Uganda´s political and economic development in the past 17 years has been extraordinary. The country has recovered from the ruinous regimes of Idi Amin and Milton Obote to become one of the most dynamic economies in sub-Saharan Africa. It is rich in natural resources and offers a wide range of investment opportunities in mining (cobalt and limestone), agriculture (coffee, tea and fruit) and fishing. Linked to almost all of the primary-sector industries are opportunities in up-stream or down-stream manufacturing activities. In addition, the extensive privatization programme has opened up areas formerly closed to the private sector. Uganda was one of the first African countries to liberalize its telecom industry and there are now several private companies in operation.
Perhaps the biggest long-term opportunities are to be found in the tourism sector. Uganda, labelled the ´Pearl of Africa´ by former British Prime Minister Winston Churchill, offers a number of unique attractions, including Lake Victoria (the source of the Nile), the Murchison Falls and the Mountains of the Moon, along with a number of national parks and wildlife reserves hosting, among other fauna, half the world´s mountain gorilla population.
On the downside, the condition of much of Uganda´s infrastructure is poor. Decades of negligence and even deliberate destruction have left much of it in disarray. The intermittent and expensive power supply continues to be a problem. Although the workforce is generally well-educated, there is a considerable shortage of mid-level managers and technicians.

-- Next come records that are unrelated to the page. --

section \<open>Narrow lower semicontinuity of relative entropy\<close>

lemma (in prob_space) ln_integral_exp_le:
  fixes \<phi> \<psi> :: "'a \<Rightarrow> real"
  assumes \<phi>: "\<phi> \<in> borel_measurable M" and \<psi>: "\<psi> \<in> borel_measurable M"
    and \<phi>_bound: "\<And>x. \<bar>\<phi> x\<bar> \<le> N" and \<psi>_bound: "\<And>x. \<bar>\<psi> x\<bar> \<le> N"
  shows "ln (\<integral>x. exp (\<psi> x) \<partial>M) \<le> ln (\<integral>x. exp (\<phi> x) \<partial>M) + exp (2 * N) * (\<integral>x. \<bar>\<phi> x - \<psi> x\<bar> \<partial>M)"
proof -
  define Z\<phi> where "Z\<phi> = (\<integral>x. exp (\<phi> x) \<partial>M)"
  define Z\<psi> where "Z\<psi> = (\<integral>x. exp (\<psi> x) \<partial>M)"
  define D where "D = (\<integral>x. \<bar>\<phi> x - \<psi> x\<bar> \<partial>M)"
  have int_diff: "integrable M (\<lambda>x. \<bar>\<phi> x - \<psi> x\<bar>)"
  proof (rule integrable_bounded[OF finite_measure_axioms, where B="2 * N"])
    show "\<bar>\<bar>\<phi> x - \<psi> x\<bar>\<bar> \<le> 2 * N" for x using \<phi>_bound[of x] \<psi>_bound[of x] by linarith
  qed (use \<phi> \<psi> in simp)
  have pointwise: "exp (\<psi> x) \<le> exp (\<phi> x) + exp N * \<bar>\<phi> x - \<psi> x\<bar>" for x
  proof -
    have "exp (\<psi> x) * (1 + (\<phi> x - \<psi> x)) \<le> exp (\<psi> x) * exp (\<phi> x - \<psi> x)"
      by (intro mult_left_mono) auto
    then have "exp (\<psi> x) + exp (\<psi> x) * (\<phi> x - \<psi> x) \<le> exp (\<phi> x)"
      by (simp add: algebra_simps exp_diff)
    moreover have "exp (\<psi> x) * (\<psi> x - \<phi> x) \<le> exp (\<psi> x) * \<bar>\<phi> x - \<psi> x\<bar>"
      by (intro mult_left_mono) auto
    moreover have "\<dots> \<le> exp N * \<bar>\<phi> x - \<psi> x\<bar>"
      using \<psi>_bound[of x] by (intro mult_right_mono) auto
    ultimately show ?thesis by (simp add: algebra_simps)
  qed
  have "Z\<psi> \<le> (\<integral>x. exp (\<phi> x) + exp N * \<bar>\<phi> x - \<psi> x\<bar> \<partial>M)"
    unfolding Z\<psi>_def using integrable_exp_bounded[OF \<phi> \<phi>_bound] int_diff pointwise
    by (intro integral_mono integrable_exp_bounded[OF \<psi> \<psi>_bound]) auto
  also have "\<dots> = Z\<phi> + exp N * D"
    using integrable_exp_bounded[OF \<phi> \<phi>_bound] int_diff by (simp add: Z\<phi>_def D_def)
  finally have Z\<psi>_le: "Z\<psi> \<le> Z\<phi> + exp N * D" .
  have Z\<phi>_ge: "exp (- N) \<le> Z\<phi>" unfolding Z\<phi>_def by (rule exp_neg_le_integral_exp[OF \<phi> \<phi>_bound])
  have Z\<psi>_ge: "exp (- N) \<le> Z\<psi>" unfolding Z\<psi>_def by (rule exp_neg_le_integral_exp[OF \<psi> \<psi>_bound])
  have Z_pos: "0 < Z\<phi>" "0 < Z\<psi>" using Z\<phi>_ge Z\<psi>_ge exp_gt_zero[of "- N"] by linarith+
  have "0 \<le> D" unfolding D_def by (rule integral_nonneg_AE) simp
  have "ln Z\<psi> - ln Z\<phi> = ln (Z\<psi> / Z\<phi>)" using Z_pos by (simp add: ln_div)
  also have "\<dots> \<le> Z\<psi> / Z\<phi> - 1" using Z_pos by (intro ln_le_minus_one) simp
  also have "\<dots> = (Z\<psi> - Z\<phi>) / Z\<phi>" using Z_pos by (simp add: field_simps)
  also have "\<dots> \<le> (exp N * D) / Z\<phi>" using Z\<psi>_le Z_pos by (intro divide_right_mono) auto
  also have "\<dots> \<le> (exp N * D) / exp (- N)"
    using Z\<phi>_ge Z_pos \<open>0 \<le> D\<close> by (intro divide_left_mono) auto
  also have "\<dots> = exp (2 * N) * D" by (simp add: exp_minus field_simps flip: exp_add)
  finally show ?thesis by (simp add: Z\<phi>_def Z\<psi>_def D_def)
qed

Despite this, with its dynamism and its track record of stability, Uganda is now a land of opportunities and challenges that investors ignore to their own loss. Its membership of the recently founded East African Community (EAC), with its 93 million consumers, is yet another reason to expect bright prospects for Uganda. Investors can expect further integration of the EAC, which established a Customs Union in January 2005 and is expected to form a political federation by 2013.